Seeing Stoke wearing the red and blue stripes made famous by Barcelona provided the kind of double-take that would come from seeing Ray Winstone playing Lord Grantham in Downton Abbey. Stoke will be Barcelona only when Catalonia takes an interest in rugby league.

At half-time, one former Liverpool great remarked that had Jimmy Case still been in his pomp, he would have sorted out what he saw as Stoke’s deliberate policy of roughing up Rodgers’ younger players.

The Liverpool manager doubted this was what his opposite number, Tony Pulis, had instructed and, in any event, they came through it well. When Daniel Agger drove the ball across the face of the Stoke goal, Raheem Sterling struck it against the outside of the post. It was the closest Liverpool came to a breakthrough – Agger, Luis Suarez and Martin Skrtel all technically hit the post but this was the only one that seemed likely to finish in the net.

“There was a challenge in the first half when Glen Johnson and Jon Walters went up for a header,” said Pulis, responding to charges of over-physicality. “It was a real, full-blooded challenge and I thought Glen did absolutely fantastically to bounce back up and get on with it.

“I went over to him and said ‘well done’, although I think the crowd thought I was having a go at him, but his behaviour was first class. Then, you have Suarez falling over in the box. That was really, really disappointing and should be highlighted.

“Retrospective decisions are made on a Monday and Suarez should be punished. The dive in the penalty area was an embarrassment. How he wasn’t booked, I don’t know.”

The Uruguayan had worked tirelessly but his dive would not have fooled a five-year-old. He had slipped under pressure and then thrown himself to the ground. It was laughable and until this issue is addressed Suarez, who was fouled relentlessly, will be looked at with disbelief every time he appeals to a referee. In the second half, he had a reasonable appeal for a penalty when pushed in the back by Robert Huth, who was one of six Stoke players to be booked. It was ignored.

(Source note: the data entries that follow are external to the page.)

(* Let $\Lambda,\alpha$ be positive integers with $\alpha\in[\Lambda-1]$ and let $r\in[\Lambda-\alpha]$. For the MADC model with combinatorial topology (CT) having $\Lambda$ mapper nodes, $K=\binom{\Lambda}{\alpha}$ reducer nodes and computation load $r$, the communication load $$L(r,\alpha)=\frac{\binom{\Lambda-\alpha}{r}}{\binom{\Lambda}{r}\left(\binom{r+\alpha}{r}-1\right)}$$ is achievable. (The array $D_{\Lambda,r,\alpha}$, whose rows are the batches $B_T$ and columns the reducer nodes $U$, with $d_{T,U}=*$ exactly when reducer $U$ has access to $B_T$, is a $\binom{r+\alpha}{r}$-regular $\left(\binom{\Lambda}{\alpha},\binom{\Lambda}{r},\binom{\Lambda}{\alpha+r}\right)$ MRA representing this model.)
   Context: Notation: $[0,n)=\{0,1,\dots,n-1\}$, $[n]=\{1,\dots,n\}$. MADC (multi-access distributed computing) model: There are $\Lambda$ mapper nodes indexed by $[0,\Lambda)$ and $K$ reducer nodes. There are $N$ input files $w_0,\dots,w_{N-1}\in\mathbb{F}_{2^d}$ and $Q$ output functions $\phi_q:\mathbb{F}_{2^d}^N\to\mathbb{F}_{2^b}$, $q\in[0,Q)$, of the form $\phi_q(w_0,\dots,w_{N-1})=h_q(v_{q,0},\dots,v_{q,N-1})$, where $v_{q,n}=g_{q,n}(w_n)\in\mathbb{F}_{2^t}$ is called an intermediate value (IV). Each reducer node $k$ is assigned a set $\mathcal W_k\subseteq[0,Q)$ of $Q/K$ output functions, these sets being pairwise disjoint. The files are partitioned into $F$ disjoint batches of $N/F$ files each. Map phase: each mapper node $\lambda$ stores a set $M_\lambda$ of batches and computes all IVs $v_{q,n}$, $q\in[0,Q)$, for all files $w_n$ in its stored batches. Each reducer node is connected to a set of mapper nodes and has access to every batch stored at any mapper node it is connected to, together with all IVs computed from those batches. Shuffle phase: each reducer node $k$ broadcasts to all other reducer nodes, error-free, a message $\mathbf X_k$ of $l_k$ bits that is a function of the IVs it has access to. Reduce phase: each reducer node $k$ must recover all IVs $v_{q,n}$ with $q\in\mathcal W_k$, $n\in[0,N)$, from the received messages and the IVs it has access to. The computation load is $r=\sum_{\lambda}|M_\lambda|/F$ and the communication load is $L=\sum_{k}l_k/(QNt)$. A communication load $L$ is achievable for a given model if there exists a shuffle/reduce scheme satisfying all decoding requirements that attains $L$ (for a suitable choice of the number of files per batch, the number of functions per reducer, and the IV length $t$). Combinatorial topology (CT): the files are split into $F=\binom{\Lambda}{r}$ batches $B_T$, one for each $T\subset[0,\Lambda)$ with $|T|=r$; mapper node $\lambda$ stores exactly the batches $B_T$ with $\lambda\in T$; there are $K=\binom{\Lambda}{\alpha}$ reducer nodes, one for each $\alpha$-subset $U\subset[0,\Lambda)$, and reducer node $U$ is connected exactly to the mapper nodes in $U$ (so it has access to $B_T$ iff $T\cap U\neq\emptyset$). $D_{\Lambda,r,\alpha}$: order the $(\alpha+r)$-subsets of $[0,\Lambda)$ lexicographically and let $y_{\alpha+r}(T')$ be the position of $T'$ minus 1; $D_{\Lambda,r,\alpha}$ has rows indexed by $r$-subsets $T$ and columns by $\alpha$-subsets $U$ of $[0,\Lambda)$, with $d_{T,U}=*$ if $T\cap U\ne\emptyset$ and $d_{T,U}=y_{\alpha+r}(T\cup U)$ otherwise. A $g$-regular $(K,F,S)$ MRA is an $F\times K$ array with entries $*$ or integers in $[0,S)$, each integer occurring exactly $g\ge2$ times, such that two equal integer entries lie in distinct rows $f_1,f_2$ and distinct columns $k_1,k_2$ with $p_{f_1,k_2}=p_{f_2,k_1}=*$. *)

theory Defs
  imports Complex_Main
begin

text \<open>Batches are indexed by the r-subsets T of [0,Lambda); reducer nodes by the
alpha-subsets U of [0,Lambda). Reducer U has access to batch T iff T and U intersect.\<close>

definition ct_batches :: "nat \<Rightarrow> nat \<Rightarrow> nat set set" where
  "ct_batches Lam r = {T. T \<subseteq> {..<Lam} \<and> card T = r}"

definition ct_reducers :: "nat \<Rightarrow> nat \<Rightarrow> nat set set" where
  "ct_reducers Lam a = {U. U \<subseteq> {..<Lam} \<and> card U = a}"

text \<open>An IV index is ((U,i),(T,j)): the i-th output function assigned to reducer U
(i < p, so Q = K*p) evaluated on the j-th file of batch B_T (j < m, so N = F*m).
An IV value in F_(2^t) is represented by its t bits: an assignment
v :: iv_idx => nat => bool, where only bits b < t are meaningful.\<close>

type_synonym iv_idx = "(nat set \<times> nat) \<times> (nat set \<times> nat)"
type_synonym iv_assign = "iv_idx \<Rightarrow> nat \<Rightarrow> bool"

definition iv_valid :: "nat \<Rightarrow> nat \<Rightarrow> nat \<Rightarrow> nat \<Rightarrow> nat \<Rightarrow> iv_idx \<Rightarrow> bool" where
  "iv_valid Lam r a p m x =
     (case x of ((U', i), (T, j)) \<Rightarrow>
        U' \<in> ct_reducers Lam a \<and> i < p \<and> T \<in> ct_batches Lam r \<and> j < m)"

definition iv_accessible :: "nat \<Rightarrow> nat \<Rightarrow> nat \<Rightarrow> nat \<Rightarrow> nat \<Rightarrow> nat set \<Rightarrow> iv_idx \<Rightarrow> bool" where
  "iv_accessible Lam r a p m U x =
     (iv_valid Lam r a p m x \<and> fst (snd x) \<inter> U \<noteq> {})"

definition iv_required :: "nat \<Rightarrow> nat \<Rightarrow> nat \<Rightarrow> nat \<Rightarrow> nat \<Rightarrow> nat set \<Rightarrow> iv_idx \<Rightarrow> bool" where
  "iv_required Lam r a p m U x =
     (iv_valid Lam r a p m x \<and> fst (fst x) = U)"

definition iv_view :: "nat \<Rightarrow> nat \<Rightarrow> nat \<Rightarrow> nat \<Rightarrow> nat \<Rightarrow> nat \<Rightarrow> nat set \<Rightarrow> iv_assign \<Rightarrow> iv_assign" where
  "iv_view Lam r a p m t U v =
     (\<lambda>x b. if iv_accessible Lam r a p m U x \<and> b < t then v x b else False)"

definition madc_ct_achievable :: "nat \<Rightarrow> nat \<Rightarrow> nat \<Rightarrow> real \<Rightarrow> bool" where
  "madc_ct_achievable Lam r a L =
     (\<exists>(p::nat) (m::nat) (t::nat) (l :: nat set \<Rightarrow> nat)
        (enc :: nat set \<Rightarrow> iv_assign \<Rightarrow> bool list)
        (dec :: nat set \<Rightarrow> (nat set \<Rightarrow> bool list) \<Rightarrow> iv_assign \<Rightarrow> iv_assign).
        p > 0 \<and> m > 0 \<and> t > 0 \<and>
        (\<forall>U \<in> ct_reducers Lam a. \<forall>v.
            length (enc U (iv_view Lam r a p m t U v)) = l U) \<and>
        (\<forall>U \<in> ct_reducers Lam a. \<forall>v. \<forall>x b.
            iv_required Lam r a p m U x \<and> b < t \<longrightarrow>
            dec U (\<lambda>U'. if U' \<in> ct_reducers Lam a \<and> U' \<noteq> U
                         then enc U' (iv_view Lam r a p m t U' v) else [])
                  (iv_view Lam r a p m t U v) x b = v x b) \<and>
        L = real (\<Sum>U \<in> ct_reducers Lam a. l U) /
            (real (card (ct_reducers Lam a) * p) * real (card (ct_batches Lam r) * m) * real t))"

text \<open>An array with rows indexed by R and columns by C; entries None = *, Some s = integer s.
g-regular (K,F,S) MRA: F rows, K columns, entries in {*} \<union> [0,S), each integer in [0,S)
occurs exactly g \<ge> 2 times, and equal integer entries at distinct positions lie in
distinct rows f1,f2 and distinct columns k1,k2 with p(f1,k2) = p(f2,k1) = *.\<close>

definition is_regular_MRA ::
  "nat \<Rightarrow> nat \<Rightarrow> nat \<Rightarrow> nat \<Rightarrow> 'r set \<Rightarrow> 'c set \<Rightarrow> ('r \<Rightarrow> 'c \<Rightarrow> nat option) \<Rightarrow> bool" where
  "is_regular_MRA g K F S R C P =
     (finite R \<and> finite C \<and> card R = F \<and> card C = K \<and> g \<ge> 2 \<and>
      (\<forall>f\<in>R. \<forall>k\<in>C. \<forall>s. P f k = Some s \<longrightarrow> s < S) \<and>
      (\<forall>s<S. card {(f, k). f \<in> R \<and> k \<in> C \<and> P f k = Some s} = g) \<and>
      (\<forall>f1\<in>R. \<forall>f2\<in>R. \<forall>k1\<in>C. \<forall>k2\<in>C. \<forall>s.
          P f1 k1 = Some s \<and> P f2 k2 = Some s \<and> (f1, k1) \<noteq> (f2, k2) \<longrightarrow>
          f1 \<noteq> f2 \<and> k1 \<noteq> k2 \<and> P f1 k2 = None \<and> P f2 k1 = None))"

text \<open>Position (minus 1) of an n-subset T' of [0,Lambda) in the lexicographic order of
all n-subsets (subsets compared as increasingly sorted lists).\<close>

definition lex_rank :: "nat \<Rightarrow> nat \<Rightarrow> nat set \<Rightarrow> nat" where
  "lex_rank Lam n T' =
     card {S'. S' \<subseteq> {..<Lam} \<and> card S' = n \<and>
               ord_class.lexordp (sorted_list_of_set S') (sorted_list_of_set T')}"

definition D_entry :: "nat \<Rightarrow> nat \<Rightarrow> nat \<Rightarrow> nat set \<Rightarrow> nat set \<Rightarrow> nat option" where
  "D_entry Lam r a T U =
     (if T \<inter> U \<noteq> {} then None else Some (lex_rank Lam (a + r) (T \<union> U)))"

end

theory Submission imports Defs begin

text \<open>For every (\<alpha>+r)-subset W of the mapper nodes and every \<alpha>-subset U' of W, reducer U'
needs the IV of its function on the file of batch W - U', while every other \<alpha>-subset U of W
has access to that batch. Split each such IV into \<open>binom(r+\<alpha>, r) - 1\<close> bits, one for each
U \<noteq> U' in W; reducer U then broadcasts, for each W \<supseteq> U, the XOR of the bits it is
responsible for. Each term of that XOR is known to every other \<alpha>-subset of W, so each
transmitted bit delivers one new bit to \<open>binom(r+\<alpha>, r) - 1\<close> reducers at once. With one file
per batch and one function per reducer, reducer U sends \<open>binom(\<Lambda>-\<alpha>, r)\<close> bits, which gives
the load L(r,\<alpha>). The same incidence structure, T \<union> U = W with T \<inter> U = {}, is what makes D a
regular MRA.\<close>

definition k_subsets :: "nat \<Rightarrow> 'a set \<Rightarrow> 'a set set" where
  "k_subsets k W = {U. U \<subseteq> W \<and> card U = k}"

lemma finite_k_subsets: "finite W \<Longrightarrow> finite (k_subsets k W)"
  unfolding k_subsets_def by (rule finite_subset[of _ "Pow W"]) auto

lemma card_k_subsets: "finite W \<Longrightarrow> card (k_subsets k W) = card W choose k"
  unfolding k_subsets_def by (rule n_subsets)

lemma finite_of_k_subsets: "finite W \<Longrightarrow> U \<in> k_subsets k W \<Longrightarrow> finite U"
  unfolding k_subsets_def by (auto intro: finite_subset)

lemma ct_batches_eq_k_subsets: "ct_batches Lam n = k_subsets n {..<Lam}"
  unfolding ct_batches_def k_subsets_def ..

lemma ct_reducers_eq_k_subsets: "ct_reducers Lam n = k_subsets n {..<Lam}"
  unfolding ct_reducers_def k_subsets_def ..

lemma card_ct_batches: "card (ct_batches Lam n) = Lam choose n"
  by (simp add: ct_batches_eq_k_subsets card_k_subsets)

lemma k_subsets_mono: "W \<subseteq> S \<Longrightarrow> k_subsets k W \<subseteq> k_subsets k S"
  unfolding k_subsets_def by blast

lemma ct_batches_memD:
  assumes "W \<in> ct_batches Lam n"
  shows "W \<subseteq> {..<Lam}" "finite W" "card W = n"
  using assms finite_subset[OF _ finite_lessThan] by (auto simp: ct_batches_def)

lemma Un_mem_k_subsets:
  assumes "finite W" "T \<in> k_subsets r W" "U \<in> k_subsets a W" "T \<inter> U = {}"
  shows "T \<union> U \<in> k_subsets (a + r) W"
proof -
  have "card (T \<union> U) = card T + card U"
    using finite_of_k_subsets[OF assms(1)] assms(2-4) by (blast intro: card_Un_disjoint)
  then show ?thesis
    using assms(2,3) by (simp add: k_subsets_def)
qed

lemma Diff_mem_k_subsets:
  assumes "finite W" "U \<in> k_subsets a W" "card W = a + r"
  shows "W - U \<in> k_subsets r W"
proof -
  have "card (W - U) = card W - card U"
    using finite_of_k_subsets[OF assms(1,2)] assms(2) by (simp add: k_subsets_def card_Diff_subset)
  then show ?thesis
    using assms(2,3) by (simp add: k_subsets_def)
qed
(* Let $N\ge 1$, $0<p<1$, $q=1-p$. Let $(\mathbf{x}^0,\mathbf{t}^0)=((x^0_1,t^0_1),\dots,(x^0_N,t^0_N))$ and $(\mathbf{x},\mathbf{t})=((x_1,t_1),\dots,(x_N,t_N))$ be two admissible $N$-point configurations in $\mathbb{Z}^2$ such that $t_i>t_i^0$ for $i=1,\dots,N$. Then the generalized Green function satisfies $$G\big((\mathbf{x},\mathbf{t})\,|\,(\mathbf{x}^0,\mathbf{t}^0)\big)=\det\big[F_{j-i}(x_i-x^0_j,\;t_i-t^0_j)\big]_{i,j=1,\dots,N}.$$
   Context: An $N$-point configuration $((x_1,t_1),\dots,(x_N,t_N))\in(\mathbb{Z}^2)^N$ (first coordinate = space, second = time) is called admissible if $x_1>x_2>\dots>x_N$ and $t_1\le t_2\le\dots\le t_N$. A directed lattice path from $(a,s)$ to $(b,s')$, $s'>s$, is a sequence of points $(y^k,s+k)$, $k=0,\dots,s'-s$, with $y^0=a$, $y^{s'-s}=b$, $y^{k+1}-y^k\in\{0,1\}$. Given admissible $(\mathbf{x}^0,\mathbf{t}^0)$, $(\mathbf{x},\mathbf{t})$ with $t_i>t_i^0$, an $N$-path is a tuple $(\Pi_1,\dots,\Pi_N)$ where $\Pi_i$ is a directed lattice path from $(x_i^0,t_i^0)$ to $(x_i,t_i)$ (regarded also as a set of points of $\mathbb{Z}^2$). Its weight is $W=W[\Pi_1]\prod_{i=1}^{N-1}W[\Pi_{i+1}|\Pi_i]$, where $W[\Pi_1]$ is the product over the steps of $\Pi_1$ of $p$ for each step $(y,s)\to(y+1,s+1)$ and $q$ for each step $(y,s)\to(y,s+1)$; and $W[\Pi_{i+1}|\Pi_i]$ is the product over the steps of $\Pi_{i+1}$ of the factors: for a step $(y,s)\to(y+1,s+1)$, the factor is $p$ if $(y+1,s+1)\notin\Pi_i$ and $0$ if $(y+1,s+1)\in\Pi_i$; for a step $(y,s)\to(y,s+1)$, the factor is $q$ if $(y+1,s+1)\notin\Pi_i$ and $1$ if $(y+1,s+1)\in\Pi_i$. The generalized Green function $G((\mathbf{x},\mathbf{t})|(\mathbf{x}^0,\mathbf{t}^0))$ is the sum of the weights of all such $N$-paths. For $n,x\in\mathbb{Z}$: $F_n(x,t)=\frac{1}{2\pi i}\oint_{\Gamma_0}\frac{dw}{w}\left(q+\frac{p}{w}\right)^t(1-w)^{-n}w^x$ for $t\ge 0$, and $F_n(x,t)=0$ for $t<0$, where $\Gamma_0$ is a positively oriented contour encircling the origin and leaving $w=1$ outside. *)

theory Defs
  imports "HOL-Complex_Analysis.Complex_Analysis" "Jordan_Normal_Form.Determinant"
begin

text \<open>Configurations are indexed 1..N: particle i sits at (x i, t i) (space, time).\<close>

definition admissible :: "nat \<Rightarrow> (nat \<Rightarrow> int) \<Rightarrow> (nat \<Rightarrow> int) \<Rightarrow> bool" where
  "admissible N x t \<longleftrightarrow> (\<forall>i\<in>{1..<N}. x i > x (i+1) \<and> t i \<le> t (i+1))"

text \<open>A directed lattice path from (a,s) to (b,s') is encoded by the list ys of its
  space coordinates: the k-th point is (ys!k, s+k), k = 0..s'-s.\<close>

definition lattice_path :: "int \<Rightarrow> int \<Rightarrow> int \<Rightarrow> int \<Rightarrow> int list \<Rightarrow> bool" where
  "lattice_path a s b s' ys \<longleftrightarrow> s < s' \<and> length ys = nat (s' - s) + 1 \<and>
     ys ! 0 = a \<and> ys ! nat (s' - s) = b \<and>
     (\<forall>k < nat (s' - s). ys ! (k+1) - ys ! k \<in> {0, 1})"

definition path_points :: "int \<Rightarrow> int list \<Rightarrow> (int \<times> int) set" where
  "path_points s ys = {(ys ! k, s + int k) | k. k < length ys}"

definition W_first :: "real \<Rightarrow> real \<Rightarrow> int list \<Rightarrow> real" where
  "W_first p q ys = (\<Prod>k < length ys - 1. if ys ! (k+1) = ys ! k + 1 then p else q)"

text \<open>Conditional weight W[Pi_{i+1} | Pi_i]: path ys starting at time s, previous path zs
  starting at time s0.\<close>
definition W_cond :: "real \<Rightarrow> real \<Rightarrow> int \<Rightarrow> int list \<Rightarrow> int \<Rightarrow> int list \<Rightarrow> real" where
  "W_cond p q s ys s0 zs = (\<Prod>k < length ys - 1.
     (if (ys ! k + 1, s + int k + 1) \<in> path_points s0 zs
      then (if ys ! (k+1) = ys ! k + 1 then 0 else 1)
      else (if ys ! (k+1) = ys ! k + 1 then p else q)))"

definition N_paths :: "nat \<Rightarrow> (nat \<Rightarrow> int) \<Rightarrow> (nat \<Rightarrow> int) \<Rightarrow> (nat \<Rightarrow> int) \<Rightarrow> (nat \<Rightarrow> int)
    \<Rightarrow> (nat \<Rightarrow> int list) set" where
  "N_paths N x t x0 t0 = {P. (\<forall>i\<in>{1..N}. lattice_path (x0 i) (t0 i) (x i) (t i) (P i)) \<and>
                            (\<forall>i. i \<notin> {1..N} \<longrightarrow> P i = [])}"

definition N_path_weight :: "real \<Rightarrow> real \<Rightarrow> nat \<Rightarrow> (nat \<Rightarrow> int) \<Rightarrow> (nat \<Rightarrow> int list) \<Rightarrow> real" where
  "N_path_weight p q N t0 P =
     W_first p q (P 1) * (\<Prod>i\<in>{1..<N}. W_cond p q (t0 (i+1)) (P (i+1)) (t0 i) (P i))"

So, too, was Stewart Downing, although Rodgers denied his omission had anything to do with Downing’s comments that he had had plenty of conversations with his manager as to why he was not being played. Rodgers’ own comment that players at Liverpool “who do not put their bodies on the line stand out like a sore thumb” was generally thought to refer to the winger. Downing had played well against Udinese but the defeat had been condemned by Rodgers as “ lazy” and “sloppy” and, during the opening exchanges against Stoke, lazy and sloppy were what Liverpool were.

First, Nuri Sahin passed straight to Charlie Adam, who might have scored had Pepe Reina not blocked his shot. Then the Liverpool keeper gave the ball straight to Steven N’Zonzi, who set up Michael Kightly for a beautifully aimed chip that would have been the day’s only goal had Reina not spectacularly atoned for his error by tipping the shot into the Kop.

It was only when Steven Gerrard delivered a fabulous drive that was pushed away at full stretch by Asmir Begovic that Liverpool began to settle and control the match.

It would have been fascinating to have seen Michael Owen at Anfield against the club to which he had contributed so much. Owen, however, on a day when all the teams he has played for were in action – Liverpool, Real Madrid, Newcastle, Manchester United and Stoke – was unable to play because of a groin strain. You would have to be very cynical to point out that one of the highlights of the sport Owen is accused of preferring to football, the Prix de l’A rc de Triomphe, was on television.